Слесарь нерешительно посмотрел на Руфь.

— Цвишенцаль позволил себе… трупы уже лежали на тележке… Цвишенцаль… изодрал на ней блузку и рубашку. Блузку он совсем сорвал с нее и бросил в лужу крови.

— Там, конечно, было столпотворение, а вы ухитрились рассмотреть такие мелочи и, главное, помните их так ясно по истечении пяти с половиной лет?

— Этого нельзя забыть. И как она потом стояла перед мужчинами, полуголая, в крови — в крови своих родителей… — Он говорил, ни на кого не глядя, словно погруженный в раздумье. — Белая блузка, накрахмаленная…

Председатель улыбнулся:

— Вы и это запомнили? А протестовал кто-нибудь?

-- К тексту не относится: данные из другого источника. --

(* Let $\alpha\in\mathbb T$ and let $\mathcal V_\alpha:L^2(\mu)\to L^2(\mu_\alpha)$ be a unitary operator with $\mathcal V_\alpha U_\alpha=M_z\mathcal V_\alpha$ and $\mathcal V_\alpha\mathbf 1=\mathbf 1$. Then for all $f\in C^1(\mathbb T)$, $$\mathcal V_\alpha f(z)=f(z)+(1-\alpha)\int_{\mathbb T}\frac{f(\xi)-f(z)}{1-\overline\xi z}\,d\mu(\xi)\qquad(\mu_\alpha\text{-a.e. }z),$$ where the integrand at $\xi=z$ is defined by continuity.
   Context: $\mathbb T=\{z\in\mathbb C:|z|=1\}$. Let $\mu$ be a Borel probability measure on $\mathbb T$, $U=M_\xi$ multiplication by the independent variable $\xi$ on $L^2(\mu)$, $b=\mathbf 1$ and $b_1=U^*b$ (so $b_1(\xi)=\overline\xi$). For $\alpha\in\mathbb C$ put $U_\alpha=U+(\alpha-1)(\,\cdot\,,b_1)_{L^2(\mu)}b$, i.e. $(U_\alpha f)(\xi)=\xi f(\xi)+(\alpha-1)\int_{\mathbb T}f(\zeta)\zeta\,d\mu(\zeta)$. For $\alpha\in\mathbb T$, $U_\alpha$ is unitary with $*$-cyclic vector $b$, and $\mu_\alpha$ denotes its spectral measure with respect to $b$, i.e. the probability measure on $\mathbb T$ with $\int_{\mathbb T}z^n\,d\mu_\alpha(z)=(U_\alpha^nb,b)_{L^2(\mu)}$ for all $n\in\mathbb Z$. $M_z$ denotes multiplication by the independent variable $z$ on $L^2(\mu_\alpha)$. *)

theory Defs
  imports "HOL-Analysis.Analysis" "HOL-Probability.Probability"
begin

definition circle_measure :: "complex measure \<Rightarrow> bool" where
  "circle_measure M \<longleftrightarrow> prob_space M \<and> sets M = sets (restrict_space borel (sphere (0::complex) 1))"

text \<open>Representatives of elements of L2(M).\<close>
definition L2 :: "complex measure \<Rightarrow> (complex \<Rightarrow> complex) \<Rightarrow> bool" where
  "L2 M f \<longleftrightarrow> f \<in> borel_measurable M \<and> integrable M (\<lambda>x. (norm (f x))\<^sup>2)"

definition L2_inner :: "complex measure \<Rightarrow> (complex \<Rightarrow> complex) \<Rightarrow> (complex \<Rightarrow> complex) \<Rightarrow> complex" where
  "L2_inner M f g = (LINT x|M. f x * cnj (g x))"

text \<open>The rank-one perturbation U_alpha f = U f + (alpha - 1) (f, b1) b, with b = 1, b1(xi) = cnj xi.\<close>
definition U_alpha :: "complex measure \<Rightarrow> complex \<Rightarrow> (complex \<Rightarrow> complex) \<Rightarrow> (complex \<Rightarrow> complex)" where
  "U_alpha M \<alpha> f = (\<lambda>\<xi>. \<xi> * f \<xi> + (\<alpha> - 1) * (LINT \<zeta>|M. f \<zeta> * \<zeta>))"

definition unitary_L2 :: "complex measure \<Rightarrow> complex measure \<Rightarrow> ((complex \<Rightarrow> complex) \<Rightarrow> (complex \<Rightarrow> complex)) \<Rightarrow> bool" where
  "unitary_L2 M N V \<longleftrightarrow>
     (\<forall>f. L2 M f \<longrightarrow> L2 N (V f)) \<and>
     (\<forall>f g. L2 M f \<longrightarrow> L2 M g \<longrightarrow> (AE x in M. f x = g x) \<longrightarrow> (AE z in N. V f z = V g z)) \<and>
     (\<forall>f g a b. L2 M f \<longrightarrow> L2 M g \<longrightarrow>
        (AE z in N. V (\<lambda>x. a * f x + b * g x) z = a * V f z + b * V g z)) \<and>
     (\<forall>f g. L2 M f \<longrightarrow> L2 M g \<longrightarrow> L2_inner N (V f) (V g) = L2_inner M f g) \<and>
     (\<forall>h. L2 N h \<longrightarrow> (\<exists>f. L2 M f \<and> (AE z in N. V f z = h z)))"

definition dq :: "(complex \<Rightarrow> complex) \<Rightarrow> complex \<Rightarrow> complex \<Rightarrow> complex" where
  "dq f z \<xi> = (if \<xi> = z then Lim (at z within sphere 0 1) (\<lambda>w. (f w - f z) / (1 - cnj w * z))
               else (f \<xi> - f z) / (1 - cnj \<xi> * z))"

definition C1_circle :: "(complex \<Rightarrow> complex) \<Rightarrow> bool" where
  "C1_circle f \<longleftrightarrow> (\<lambda>t. f (cis t)) C1_differentiable_on UNIV"

end

theory Submission
  imports Defs
begin

text \<open>Both sides of the identity are linear in \<open>f\<close>, and both transform in the same way under
  \<open>f \<mapsto> \<xi> f\<close>: since \<open>\<xi> h = U\<^sub>\<alpha> h + (1 - \<alpha>) (h, b\<^sub>1) 1\<close>, the intertwining relation and
  \<open>V\<^sub>\<alpha> 1 = 1\<close> give \<open>V\<^sub>\<alpha>(\<xi> h) = z V\<^sub>\<alpha> h + (1 - \<alpha>) (h, b\<^sub>1)\<close>, and a direct computation with the
  difference quotient shows the same recursion for the right-hand side. Starting from the constant
  \<open>1\<close> and shifting in both directions, the formula holds for all Laurent polynomials.
  A \<open>C\<^sup>1\<close> function \<open>f\<close> is approximated by Laurent polynomials \<open>L\<^sub>k\<close> such that \<open>f - L\<^sub>k\<close> and its
  derivative are uniformly \<open>O(2\<^sup>-\<^sup>k)\<close>. The right-hand side of the formula applied to \<open>f - L\<^sub>k\<close> is
  bounded by these two norms, since the difference quotient is bounded by the derivative; and
  \<open>V\<^sub>\<alpha>(f - L\<^sub>k) \<rightarrow> 0\<close> almost everywhere because \<open>\<Sum>\<^sub>k \<parallel>V\<^sub>\<alpha>(f - L\<^sub>k)\<parallel>\<^sup>2 < \<infinity>\<close>.\<close>

abbreviation unit_circle :: "complex set" where
  "unit_circle \<equiv> sphere 0 1"

lemma unit_circle_cnj_mult: "w \<in> unit_circle \<Longrightarrow> cnj w * w = 1"
  using complex_norm_square[of w] by (simp add: mult.commute)

lemma unit_circle_cnj_eq_inverse: "w \<in> unit_circle \<Longrightarrow> cnj w = inverse w"
  by (metis inverse_unique mult.commute unit_circle_cnj_mult)

lemma cis_Arg_unit_circle: "w \<in> unit_circle \<Longrightarrow> cis (Arg w) = w"
  by (cases "w = 0") (auto simp: cis_Arg sgn_div_norm)

lemma at_within_unit_circle_nontrivial:
  assumes "z \<in> unit_circle"
  shows "at z within unit_circle \<noteq> bot"
proof -
  have "unit_circle \<noteq> {x}" for x
  proof
    assume "unit_circle = {x}"
    moreover have "1 \<in> unit_circle" "-1 \<in> unit_circle"
      by simp_all
    ultimately have "(1::complex) = x" "(-1::complex) = x"
      by blast+
    then show False
      by simp
  qed
  then have "z islimpt unit_circle"
    by (intro connected_imp_perfect[OF connected_sphere assms]) auto
  then show ?thesis
    using trivial_limit_within by blast
qed

lemma unit_circle_polar:
  assumes w: "w \<in> unit_circle" and z: "z \<in> unit_circle"
  shows "cis (Arg z + Arg (w / z)) = w" and "cnj w * z = cis (- Arg (w / z))"
proof -
  have wz: "w / z \<in> unit_circle"
    using w z by (simp add: norm_divide)
  show e: "cis (Arg z + Arg (w / z)) = w"
    using cis_Arg_unit_circle[OF z] cis_Arg_unit_circle[OF wz] z by (auto simp: cis_mult[symmetric])
  have "cnj w * z = cnj (cis (Arg z + Arg (w / z))) * cis (Arg z)"
    using e cis_Arg_unit_circle[OF z] by simp
  also have "\<dots> = cis (- Arg (w / z))"
    by (simp add: cis_cnj cis_mult)
  finally show "cnj w * z = cis (- Arg (w / z))" .
qed

lemma Arg_divide_nonzero:
  assumes "w \<in> unit_circle" "z \<in> unit_circle" "w \<noteq> z"
  shows "Arg (w / z) \<noteq> 0"
proof
  assume "Arg (w / z) = 0"
  then have "w = z"
    using unit_circle_polar(1)[OF assms(1,2)] cis_Arg_unit_circle[OF assms(2)] by simp
  with assms(3) show False ..
qed

lemma one_minus_cnj_mult_nonzero:
  assumes "\<xi> \<in> unit_circle" "z \<in> unit_circle" "\<xi> \<noteq> z"
  shows "1 - cnj \<xi> * z \<noteq> 0"
  using assms unit_circle_cnj_eq_inverse[of \<xi>] by (auto simp: field_simps)

lemma abs_le_3_norm_one_minus_cis:
  assumes "\<bar>\<theta>\<bar> \<le> pi"
  shows "\<bar>\<theta>\<bar> \<le> 3 * norm (1 - cis \<theta>)"
proof -
  define x where "x = \<bar>\<theta>\<bar> / 2"
  have x0: "0 \<le> x" and x1: "x \<le> pi / 2"
    using assms by (auto simp: x_def)
  have "\<bar>sin x - (\<Sum>m<3. sin_coeff m * x ^ m)\<bar> \<le> inverse (fact 3) * \<bar>x\<bar> ^ 3"
    by (rule Maclaurin_sin_bound)
  moreover have "(\<Sum>m<3. sin_coeff m * x ^ m) = x" "inverse (fact 3) * \<bar>x\<bar> ^ 3 = x ^ 3 / 6"
    using x0 by (simp_all add: eval_nat_numeral sin_coeff_def)
  ultimately have "\<bar>sin x - x\<bar> \<le> x ^ 3 / 6"
    by simp
  then have "sin x \<ge> x - x ^ 3 / 6"
    by linarith
  moreover have "x * x \<le> 2 * 2"
    using x0 x1 pi_less_4 by (intro mult_mono) auto
  then have "x * x * x \<le> (2 * 2) * x"
    using x0 by (rule mult_right_mono)
  ultimately have sin_x: "sin x \<ge> x / 3"
    unfolding power3_eq_cube by linarith
  \<comment> \<open>the chord length is \<open>|1 - cis \<theta>| = 2 sin (|\<theta>| / 2)\<close>\<close>
  have "(norm (1 - cis \<theta>))\<^sup>2 = 2 - 2 * cos \<theta>"
    using sin_cos_squared_add[of \<theta>] by (simp add: cmod_def power2_eq_square algebra_simps)
  also have "cos \<theta> = cos (2 * x)"
    by (cases "\<theta> \<ge> 0") (simp_all add: x_def)
  also have "2 - 2 * cos (2 * x) = (2 * sin x)\<^sup>2"
    unfolding cos_double_sin by (simp add: power_mult_distrib)
  finally have "(norm (1 - cis \<theta>))\<^sup>2 = (2 * sin x)\<^sup>2" .
  then have "norm (1 - cis \<theta>) = 2 * sin x"
    by (rule power2_eq_imp_eq) (use sin_ge_zero[of x] x0 x1 in auto)
  then show ?thesis
    using sin_x by (simp add: x_def)
qed
lemma measure_run_reach_take:
  assumes "take (t - 1) rs = take (t - 1) rs'"
  shows "measure_pmf.prob (run p P rs h k) {a. t \<le> length a}
       = measure_pmf.prob (run p P rs' h k) {a. t \<le> length a}"
proof (induction k arbitrary: h)
  case (Suc k)
  show ?case
  proof (cases "t \<le> length h + 1")
    case True
    then show ?thesis by (simp del: run.simps add: measure_run_reaches_next)
  next
    case False
    then have "take (length h + 1) rs = take (length h + 1) rs'"
      using arg_cong[OF assms, of "take (length h + 1)"] by (simp add: min_def split: if_splits)
    then show ?thesis
      unfolding measure_run_Suc Suc.IH by (rule arg_cong)
  qed
qed simp

lemma measure_run_offer:
  assumes "\<And>h. P (take t rs) h = q" "length h < t"
  shows "measure_pmf.prob (run p P rs h k) {a. t \<le> length a \<and> a ! (t - 1)}
       = clamp01 q * measure_pmf.prob (run p P rs h k) {a. t \<le> length a}"
  using assms(2)
proof (induction k arbitrary: h)
  case (Suc k)
  show ?case
  proof (cases "t = length h + 1")
    case True
    then show ?thesis
      using assms(1) by (simp del: run.simps add: measure_run_Suc measure_run_prefix_determined nth_append)
  next
    case False
    with Suc.prems have lt: "length (h @ [b]) < t" for b
      by auto
    have ind: "indicator {a. t \<le> length a} (h @ [True]) = (0::real)"
      "indicator {a. t \<le> length a \<and> a ! (t - 1)} (h @ [True]) = (0::real)"
      using lt[of True] by (simp_all add: indicator_def)
    show ?thesis
      unfolding measure_run_Suc Suc.IH[OF lt[of True]] Suc.IH[OF lt[of False]] ind
      by algebra
  qed
qed simp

— Протестовал?.. — Свидетель опустил глаза. — У кого бы хватило смелости, хотел бы я знать? И что бы тогда с этим человеком сделали?.. Но кто-то вскрикнул… да так отчаянно… Это фрейлейн Иоганна, когда трупы поволокли за ноги.

— Вот видите, а ведь никто же ее не тронул. — И председатель приказал ввести Иоганну и Давида.

Иоганна должна была через три недели родить. Фрау Бах одолжила ей для явки в суд широкое черное платье. Давид, которому только на днях исполнилось двенадцать, приоделся в синий пиджак пятнадцатилетнего Ученого. Плечи пиджака свисали, рукава болтались, закрывая пальцы.

Председатель сказал:

— Вам, верно, трудно стоять… — и кивнул служителю, чтобы тот подал стул. Иоганна села. Давид нерешительно прошел три разделявших их шага и стал с ней рядом. Он потупил свой тонко очерченный лоб. Его блестящие черные волосы, гладко зачесанные назад, казались влажными.

— Вы жили в доме Фрейденгеймов? Где вы находились, когда пришли арестовать их семью?

— Мы сидели с Руфью в маленьком дворике за домом. Мы только что покормили гусей и уговаривались после обеда отправиться в Вайценгейм, в дворцовый парк, где лебеди. И тут пришел…

— Как была одета подсудимая?

Иоганна задумалась.

— На ней была черная юбка с белой блузкой. Такой же, как у меня.

— Белой? Вы точно помните?

— Мы только что купили себе одинаковые блузки. На распродаже у Шварцшильда на Эйхгорнштрассе.

— Так кто же пришел? Вы сказали, что кто-то пришел?

— Пришел Цвишенцаль. Он остановился на ступеньке крыльца и крикнул: «А, вот она, восточная принцесса!» Ударил хлыстом по ящику, на котором сидела Руфь и заорал: «Встанешь ты наконец?» Он назвал ее скверным словом, дернул за ухо, чтобы встала, и ударил по лицу, а потом еще раз, тыльной стороной руки. Ее родители стояли уже перед домом, а кругом одни нацисты. Их повели по Домштрассе, через весь город, до самого вокзала, а потом назад по той же Домштрассе и через Марктгассе на площадь. Народу все прибавлялось… А на площади…

— Кто ударил первым?

— Цвишенцаль. Это было сигналом. Как будто он дал знак остальным: а теперь забейте их насмерть…

— Вы хотите сказать, что у вас сложилось такое впечатление… А что было потом с младшим братом обвиняемой?

— Я отвезла его под Ашаффенбург в деревню, к знакомому крестьянину — мальчику было всего семь лет.

— А вам сколько было?

— Семнадцать.

— И вы теперь замужем?

Она улыбнулась.

— Нет, не замужем.

— Так, значит, девица? — Он посмотрел в зал и, выдержав красноречивую паузу, обратился к Давиду:

— В деревне, у крестьянина, тебя, конечно, хорошо кормили. А мы в городе и хлеба подчас не видали. Так что тебе, можно сказать, повезло. А теперь скажи: заметил, ты, кто первым обидел твою мамашу — тогда на площади?

Давид покачал головой. Четверо учеников в заднем ряду взобрались на стулья.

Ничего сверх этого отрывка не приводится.